_HOW TO COMPLETE THIS TASK:_ Scan the material and copy out each line where the word "open" occurs.

_THE RECORDS:_
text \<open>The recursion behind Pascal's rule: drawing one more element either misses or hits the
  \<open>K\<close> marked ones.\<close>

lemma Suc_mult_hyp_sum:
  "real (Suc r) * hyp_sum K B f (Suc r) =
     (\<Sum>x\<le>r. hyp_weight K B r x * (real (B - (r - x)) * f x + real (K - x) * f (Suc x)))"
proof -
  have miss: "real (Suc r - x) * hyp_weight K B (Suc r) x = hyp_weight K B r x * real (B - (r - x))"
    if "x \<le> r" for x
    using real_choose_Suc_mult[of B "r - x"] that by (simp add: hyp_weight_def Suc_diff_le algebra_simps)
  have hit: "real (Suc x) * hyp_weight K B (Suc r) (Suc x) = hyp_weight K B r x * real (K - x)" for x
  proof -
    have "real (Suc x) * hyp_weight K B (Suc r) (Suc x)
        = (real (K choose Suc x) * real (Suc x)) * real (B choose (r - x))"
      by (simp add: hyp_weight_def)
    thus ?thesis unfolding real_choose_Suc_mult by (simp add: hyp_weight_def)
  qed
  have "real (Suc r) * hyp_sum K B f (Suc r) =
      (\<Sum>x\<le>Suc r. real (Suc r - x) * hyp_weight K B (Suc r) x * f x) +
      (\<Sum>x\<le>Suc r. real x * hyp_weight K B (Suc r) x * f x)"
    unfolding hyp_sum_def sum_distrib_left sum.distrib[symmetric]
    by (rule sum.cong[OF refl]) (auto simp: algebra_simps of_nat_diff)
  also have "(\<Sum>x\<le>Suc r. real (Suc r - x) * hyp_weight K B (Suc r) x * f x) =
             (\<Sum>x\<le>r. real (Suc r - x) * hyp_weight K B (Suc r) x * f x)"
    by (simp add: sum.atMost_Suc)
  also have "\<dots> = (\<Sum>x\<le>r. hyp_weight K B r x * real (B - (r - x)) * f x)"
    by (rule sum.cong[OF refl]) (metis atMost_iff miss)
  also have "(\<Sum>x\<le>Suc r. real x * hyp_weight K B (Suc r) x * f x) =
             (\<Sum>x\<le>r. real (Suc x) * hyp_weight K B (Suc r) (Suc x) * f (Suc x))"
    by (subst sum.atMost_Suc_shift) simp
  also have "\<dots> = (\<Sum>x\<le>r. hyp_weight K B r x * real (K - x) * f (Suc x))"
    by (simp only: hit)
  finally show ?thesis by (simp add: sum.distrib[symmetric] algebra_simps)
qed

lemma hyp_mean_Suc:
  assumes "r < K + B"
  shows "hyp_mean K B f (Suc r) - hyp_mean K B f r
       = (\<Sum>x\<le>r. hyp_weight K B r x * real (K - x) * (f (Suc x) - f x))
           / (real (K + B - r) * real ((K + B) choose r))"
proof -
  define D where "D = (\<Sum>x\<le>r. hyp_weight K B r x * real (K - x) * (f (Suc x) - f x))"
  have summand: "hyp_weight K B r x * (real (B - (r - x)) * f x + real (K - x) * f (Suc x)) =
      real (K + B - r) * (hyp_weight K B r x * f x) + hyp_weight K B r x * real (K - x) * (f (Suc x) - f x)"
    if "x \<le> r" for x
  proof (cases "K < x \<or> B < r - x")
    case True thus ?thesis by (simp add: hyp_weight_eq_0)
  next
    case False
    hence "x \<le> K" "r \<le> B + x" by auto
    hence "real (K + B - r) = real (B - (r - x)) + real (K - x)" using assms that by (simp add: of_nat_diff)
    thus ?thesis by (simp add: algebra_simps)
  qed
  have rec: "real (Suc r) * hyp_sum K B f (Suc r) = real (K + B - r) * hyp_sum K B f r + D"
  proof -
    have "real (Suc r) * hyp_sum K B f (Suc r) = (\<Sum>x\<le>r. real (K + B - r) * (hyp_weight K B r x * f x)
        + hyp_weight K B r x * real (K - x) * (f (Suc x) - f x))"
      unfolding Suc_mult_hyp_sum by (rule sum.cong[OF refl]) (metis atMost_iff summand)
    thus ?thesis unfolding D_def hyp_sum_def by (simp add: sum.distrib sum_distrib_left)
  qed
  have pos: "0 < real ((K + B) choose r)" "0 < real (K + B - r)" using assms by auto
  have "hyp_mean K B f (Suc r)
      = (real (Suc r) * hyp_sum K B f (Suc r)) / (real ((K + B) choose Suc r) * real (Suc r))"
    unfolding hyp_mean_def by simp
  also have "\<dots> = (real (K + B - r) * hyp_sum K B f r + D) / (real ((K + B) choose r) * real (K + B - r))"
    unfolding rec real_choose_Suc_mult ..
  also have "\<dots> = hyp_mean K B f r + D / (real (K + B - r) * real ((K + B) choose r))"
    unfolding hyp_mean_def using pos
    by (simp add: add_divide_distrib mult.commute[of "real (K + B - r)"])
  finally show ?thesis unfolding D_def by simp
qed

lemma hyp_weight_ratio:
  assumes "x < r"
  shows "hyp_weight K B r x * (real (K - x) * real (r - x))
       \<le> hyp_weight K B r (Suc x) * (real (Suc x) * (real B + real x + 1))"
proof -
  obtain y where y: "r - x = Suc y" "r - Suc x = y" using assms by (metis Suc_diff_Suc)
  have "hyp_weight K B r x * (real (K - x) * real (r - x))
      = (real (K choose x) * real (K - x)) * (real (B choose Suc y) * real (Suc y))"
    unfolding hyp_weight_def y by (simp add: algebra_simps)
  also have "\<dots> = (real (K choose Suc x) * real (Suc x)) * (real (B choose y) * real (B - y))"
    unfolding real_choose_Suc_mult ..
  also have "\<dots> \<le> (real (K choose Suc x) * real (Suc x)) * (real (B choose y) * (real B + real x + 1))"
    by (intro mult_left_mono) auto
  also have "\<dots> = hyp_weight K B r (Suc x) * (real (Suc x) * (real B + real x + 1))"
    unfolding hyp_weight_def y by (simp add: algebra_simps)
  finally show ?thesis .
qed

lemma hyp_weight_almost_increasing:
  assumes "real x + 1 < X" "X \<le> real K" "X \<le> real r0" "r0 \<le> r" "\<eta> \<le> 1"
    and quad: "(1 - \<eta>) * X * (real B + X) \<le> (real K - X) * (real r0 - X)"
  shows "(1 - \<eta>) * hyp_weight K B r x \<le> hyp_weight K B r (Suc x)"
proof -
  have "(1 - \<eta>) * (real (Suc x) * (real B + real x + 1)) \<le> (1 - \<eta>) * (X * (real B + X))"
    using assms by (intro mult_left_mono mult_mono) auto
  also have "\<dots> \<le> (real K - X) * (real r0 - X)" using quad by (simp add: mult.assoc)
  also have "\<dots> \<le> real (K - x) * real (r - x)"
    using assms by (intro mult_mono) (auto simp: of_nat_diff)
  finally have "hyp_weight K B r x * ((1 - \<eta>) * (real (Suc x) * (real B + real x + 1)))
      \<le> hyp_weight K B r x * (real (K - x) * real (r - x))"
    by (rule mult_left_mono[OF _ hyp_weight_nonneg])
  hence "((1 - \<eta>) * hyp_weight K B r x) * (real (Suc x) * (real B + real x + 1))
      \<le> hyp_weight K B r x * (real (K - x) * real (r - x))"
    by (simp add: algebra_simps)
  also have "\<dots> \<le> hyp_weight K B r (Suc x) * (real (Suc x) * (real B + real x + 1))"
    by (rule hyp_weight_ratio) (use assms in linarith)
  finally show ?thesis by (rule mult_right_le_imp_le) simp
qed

_COMPLETED EXERCISE:_
text \<open>The recursion behind Pascal's rule: drawing one more element either misses or hits the
  \<open>K\<close> marked ones.\<close>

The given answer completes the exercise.